(Records to use)
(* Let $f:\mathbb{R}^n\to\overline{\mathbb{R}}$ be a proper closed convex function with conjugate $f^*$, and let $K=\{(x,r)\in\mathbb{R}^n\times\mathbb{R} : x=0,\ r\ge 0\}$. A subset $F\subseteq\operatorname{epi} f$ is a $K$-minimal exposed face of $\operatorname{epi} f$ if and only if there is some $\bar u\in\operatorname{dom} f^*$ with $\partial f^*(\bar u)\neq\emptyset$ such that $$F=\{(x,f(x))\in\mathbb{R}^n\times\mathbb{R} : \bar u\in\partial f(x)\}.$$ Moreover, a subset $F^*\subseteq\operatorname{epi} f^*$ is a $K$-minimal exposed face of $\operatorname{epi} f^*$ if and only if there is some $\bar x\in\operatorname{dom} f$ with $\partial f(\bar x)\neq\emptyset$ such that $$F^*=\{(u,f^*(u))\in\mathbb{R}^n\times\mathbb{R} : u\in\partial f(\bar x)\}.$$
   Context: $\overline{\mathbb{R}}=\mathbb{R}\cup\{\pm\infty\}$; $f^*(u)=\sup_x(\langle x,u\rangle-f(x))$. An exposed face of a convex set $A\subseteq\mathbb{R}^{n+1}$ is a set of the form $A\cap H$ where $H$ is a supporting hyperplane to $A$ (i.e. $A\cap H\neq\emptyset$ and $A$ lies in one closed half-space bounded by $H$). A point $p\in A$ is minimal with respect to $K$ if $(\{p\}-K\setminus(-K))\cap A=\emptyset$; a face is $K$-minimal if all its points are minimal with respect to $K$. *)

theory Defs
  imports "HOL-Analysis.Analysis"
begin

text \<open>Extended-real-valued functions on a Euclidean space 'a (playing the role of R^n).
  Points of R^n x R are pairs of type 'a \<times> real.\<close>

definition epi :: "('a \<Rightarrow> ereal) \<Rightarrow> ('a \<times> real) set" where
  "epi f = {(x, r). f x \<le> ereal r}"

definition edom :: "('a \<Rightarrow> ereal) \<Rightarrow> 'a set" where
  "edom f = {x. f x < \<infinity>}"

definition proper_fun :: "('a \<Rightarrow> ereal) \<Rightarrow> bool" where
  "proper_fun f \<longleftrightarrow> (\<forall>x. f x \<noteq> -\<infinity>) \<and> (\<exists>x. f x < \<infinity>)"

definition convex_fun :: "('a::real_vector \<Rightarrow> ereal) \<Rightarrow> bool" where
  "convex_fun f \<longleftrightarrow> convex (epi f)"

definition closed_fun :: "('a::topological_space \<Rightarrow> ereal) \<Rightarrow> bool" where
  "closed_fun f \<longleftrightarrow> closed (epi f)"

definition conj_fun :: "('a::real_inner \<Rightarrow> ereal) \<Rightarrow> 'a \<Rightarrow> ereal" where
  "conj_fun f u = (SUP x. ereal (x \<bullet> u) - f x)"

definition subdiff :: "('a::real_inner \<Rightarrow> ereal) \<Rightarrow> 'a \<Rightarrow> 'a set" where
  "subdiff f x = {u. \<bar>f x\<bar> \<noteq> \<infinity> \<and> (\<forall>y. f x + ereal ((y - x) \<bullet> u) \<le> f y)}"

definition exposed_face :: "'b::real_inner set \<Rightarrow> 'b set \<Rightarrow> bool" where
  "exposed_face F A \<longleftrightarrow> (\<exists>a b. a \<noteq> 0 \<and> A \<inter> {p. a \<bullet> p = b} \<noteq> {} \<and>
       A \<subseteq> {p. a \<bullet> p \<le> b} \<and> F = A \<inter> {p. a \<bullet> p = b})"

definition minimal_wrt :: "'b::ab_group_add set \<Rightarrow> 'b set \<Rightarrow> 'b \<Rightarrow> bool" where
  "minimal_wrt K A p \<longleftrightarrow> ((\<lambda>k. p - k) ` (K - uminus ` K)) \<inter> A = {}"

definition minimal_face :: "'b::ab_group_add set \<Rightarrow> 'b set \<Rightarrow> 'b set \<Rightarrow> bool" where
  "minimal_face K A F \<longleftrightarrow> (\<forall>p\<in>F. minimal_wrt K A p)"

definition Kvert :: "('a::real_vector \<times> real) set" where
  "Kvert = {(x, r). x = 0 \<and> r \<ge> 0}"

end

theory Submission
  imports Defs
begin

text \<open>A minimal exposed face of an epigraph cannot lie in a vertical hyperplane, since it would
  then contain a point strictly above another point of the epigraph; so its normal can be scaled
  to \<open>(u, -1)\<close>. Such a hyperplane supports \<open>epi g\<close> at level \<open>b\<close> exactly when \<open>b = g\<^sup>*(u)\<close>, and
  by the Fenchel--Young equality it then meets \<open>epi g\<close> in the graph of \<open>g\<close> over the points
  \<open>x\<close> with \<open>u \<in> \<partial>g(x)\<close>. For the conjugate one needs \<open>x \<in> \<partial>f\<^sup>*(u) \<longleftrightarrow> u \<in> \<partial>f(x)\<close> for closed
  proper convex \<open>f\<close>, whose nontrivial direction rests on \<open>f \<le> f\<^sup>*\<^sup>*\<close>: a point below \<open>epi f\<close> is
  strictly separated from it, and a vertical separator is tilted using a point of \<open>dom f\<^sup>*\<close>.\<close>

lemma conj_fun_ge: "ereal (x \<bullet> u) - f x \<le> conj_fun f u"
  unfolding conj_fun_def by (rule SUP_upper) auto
(End Records to use)
(Records to use)
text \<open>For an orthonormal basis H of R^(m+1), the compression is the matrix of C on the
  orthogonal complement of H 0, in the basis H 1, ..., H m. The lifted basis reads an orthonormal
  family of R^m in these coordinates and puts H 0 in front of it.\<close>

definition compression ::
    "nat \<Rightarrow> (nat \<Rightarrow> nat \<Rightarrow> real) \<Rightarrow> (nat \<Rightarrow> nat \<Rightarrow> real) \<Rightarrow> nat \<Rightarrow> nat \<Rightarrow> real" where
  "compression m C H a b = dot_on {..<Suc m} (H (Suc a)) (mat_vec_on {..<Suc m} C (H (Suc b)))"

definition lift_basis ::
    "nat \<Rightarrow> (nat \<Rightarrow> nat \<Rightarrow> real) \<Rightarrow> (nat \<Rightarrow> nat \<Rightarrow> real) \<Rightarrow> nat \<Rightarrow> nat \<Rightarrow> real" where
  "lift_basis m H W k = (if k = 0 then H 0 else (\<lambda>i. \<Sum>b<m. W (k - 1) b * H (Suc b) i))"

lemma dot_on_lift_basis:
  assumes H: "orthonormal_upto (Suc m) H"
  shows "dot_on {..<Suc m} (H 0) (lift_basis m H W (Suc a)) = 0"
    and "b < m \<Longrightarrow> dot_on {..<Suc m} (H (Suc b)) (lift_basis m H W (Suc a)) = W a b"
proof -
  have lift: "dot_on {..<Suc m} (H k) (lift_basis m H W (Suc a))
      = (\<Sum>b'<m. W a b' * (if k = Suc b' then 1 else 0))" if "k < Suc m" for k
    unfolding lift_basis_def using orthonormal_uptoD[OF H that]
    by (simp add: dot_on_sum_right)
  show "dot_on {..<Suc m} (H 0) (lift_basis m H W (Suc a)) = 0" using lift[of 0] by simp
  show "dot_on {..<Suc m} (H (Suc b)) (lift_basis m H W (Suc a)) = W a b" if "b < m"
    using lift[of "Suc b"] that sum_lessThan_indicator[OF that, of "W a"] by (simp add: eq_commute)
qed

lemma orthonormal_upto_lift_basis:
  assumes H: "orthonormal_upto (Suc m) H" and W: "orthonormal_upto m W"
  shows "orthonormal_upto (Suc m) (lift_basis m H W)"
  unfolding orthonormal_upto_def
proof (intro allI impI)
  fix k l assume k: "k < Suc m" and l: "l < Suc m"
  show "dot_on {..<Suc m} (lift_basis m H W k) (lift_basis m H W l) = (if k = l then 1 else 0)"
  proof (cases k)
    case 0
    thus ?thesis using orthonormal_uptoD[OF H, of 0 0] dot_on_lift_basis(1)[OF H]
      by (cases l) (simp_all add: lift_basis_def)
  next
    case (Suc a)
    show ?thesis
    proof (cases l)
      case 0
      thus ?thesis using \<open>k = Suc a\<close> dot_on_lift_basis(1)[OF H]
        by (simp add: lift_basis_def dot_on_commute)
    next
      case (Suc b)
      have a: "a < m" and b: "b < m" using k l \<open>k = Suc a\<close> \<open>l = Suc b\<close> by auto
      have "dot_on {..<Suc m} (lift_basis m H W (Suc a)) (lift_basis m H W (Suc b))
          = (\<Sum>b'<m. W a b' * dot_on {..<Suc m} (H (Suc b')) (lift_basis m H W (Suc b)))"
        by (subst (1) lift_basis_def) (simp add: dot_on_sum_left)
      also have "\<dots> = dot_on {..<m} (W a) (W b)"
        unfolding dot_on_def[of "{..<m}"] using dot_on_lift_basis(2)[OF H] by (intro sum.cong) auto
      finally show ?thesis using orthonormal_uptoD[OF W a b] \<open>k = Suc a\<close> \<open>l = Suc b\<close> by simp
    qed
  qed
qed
(End Records to use)
(Records to use)
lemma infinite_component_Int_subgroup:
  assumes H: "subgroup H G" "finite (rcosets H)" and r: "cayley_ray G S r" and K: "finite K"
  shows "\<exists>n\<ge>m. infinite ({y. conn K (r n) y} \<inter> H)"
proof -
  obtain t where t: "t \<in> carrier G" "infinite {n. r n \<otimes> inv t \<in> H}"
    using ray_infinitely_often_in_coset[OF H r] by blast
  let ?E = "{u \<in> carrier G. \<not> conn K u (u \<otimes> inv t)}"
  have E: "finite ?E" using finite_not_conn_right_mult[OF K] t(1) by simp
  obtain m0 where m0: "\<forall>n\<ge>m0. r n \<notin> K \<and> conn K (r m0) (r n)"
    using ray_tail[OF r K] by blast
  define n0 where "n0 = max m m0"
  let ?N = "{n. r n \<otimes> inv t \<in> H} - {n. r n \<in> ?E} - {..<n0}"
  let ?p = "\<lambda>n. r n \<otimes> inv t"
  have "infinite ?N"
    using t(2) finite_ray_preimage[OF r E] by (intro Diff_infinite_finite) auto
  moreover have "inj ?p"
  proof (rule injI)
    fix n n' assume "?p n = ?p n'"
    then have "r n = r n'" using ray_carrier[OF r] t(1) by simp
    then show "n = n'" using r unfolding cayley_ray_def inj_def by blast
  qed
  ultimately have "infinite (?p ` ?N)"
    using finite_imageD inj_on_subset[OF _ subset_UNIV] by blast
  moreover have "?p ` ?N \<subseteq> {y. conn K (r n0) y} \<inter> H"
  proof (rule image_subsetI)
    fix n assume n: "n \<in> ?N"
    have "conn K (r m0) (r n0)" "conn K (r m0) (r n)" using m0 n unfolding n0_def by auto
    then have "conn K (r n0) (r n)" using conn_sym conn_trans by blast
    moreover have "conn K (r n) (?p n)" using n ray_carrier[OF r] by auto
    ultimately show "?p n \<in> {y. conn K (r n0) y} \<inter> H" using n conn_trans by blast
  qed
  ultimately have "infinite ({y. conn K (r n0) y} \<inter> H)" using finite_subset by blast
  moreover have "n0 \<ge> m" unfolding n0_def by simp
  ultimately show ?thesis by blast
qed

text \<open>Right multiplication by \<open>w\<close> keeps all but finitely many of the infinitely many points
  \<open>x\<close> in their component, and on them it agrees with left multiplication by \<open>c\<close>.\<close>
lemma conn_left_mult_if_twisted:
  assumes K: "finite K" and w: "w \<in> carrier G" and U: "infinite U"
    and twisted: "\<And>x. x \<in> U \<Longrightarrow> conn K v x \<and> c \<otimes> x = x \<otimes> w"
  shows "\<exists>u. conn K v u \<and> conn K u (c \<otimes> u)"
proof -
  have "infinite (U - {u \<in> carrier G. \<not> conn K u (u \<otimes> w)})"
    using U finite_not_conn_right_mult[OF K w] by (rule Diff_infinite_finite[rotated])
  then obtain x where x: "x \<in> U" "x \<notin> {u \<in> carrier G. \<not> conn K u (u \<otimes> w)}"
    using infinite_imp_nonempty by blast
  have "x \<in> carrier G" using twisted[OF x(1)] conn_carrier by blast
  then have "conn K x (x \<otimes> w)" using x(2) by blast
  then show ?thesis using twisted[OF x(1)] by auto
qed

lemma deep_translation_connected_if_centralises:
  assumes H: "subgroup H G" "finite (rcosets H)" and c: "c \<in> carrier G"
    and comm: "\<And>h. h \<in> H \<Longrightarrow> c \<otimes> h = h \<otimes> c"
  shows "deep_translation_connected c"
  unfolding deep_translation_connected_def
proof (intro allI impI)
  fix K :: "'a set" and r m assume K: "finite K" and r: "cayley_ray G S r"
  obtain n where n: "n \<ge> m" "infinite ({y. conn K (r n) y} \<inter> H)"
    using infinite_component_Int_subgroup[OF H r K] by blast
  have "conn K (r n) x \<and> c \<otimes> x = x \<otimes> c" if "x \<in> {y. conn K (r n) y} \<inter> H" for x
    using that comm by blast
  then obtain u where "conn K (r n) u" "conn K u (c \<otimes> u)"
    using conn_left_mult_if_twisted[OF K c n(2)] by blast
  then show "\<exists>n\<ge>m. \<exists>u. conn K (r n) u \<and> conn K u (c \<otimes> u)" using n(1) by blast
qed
(End Records to use)
Problem details: Return every line of the preceding records in which the word "lemma" appears.

Written reply:
lemma conj_fun_ge: "ereal (x \<bullet> u) - f x \<le> conj_fun f u"
lemma dot_on_lift_basis:
lemma orthonormal_upto_lift_basis:
lemma infinite_component_Int_subgroup:
lemma conn_left_mult_if_twisted:
lemma deep_translation_connected_if_centralises:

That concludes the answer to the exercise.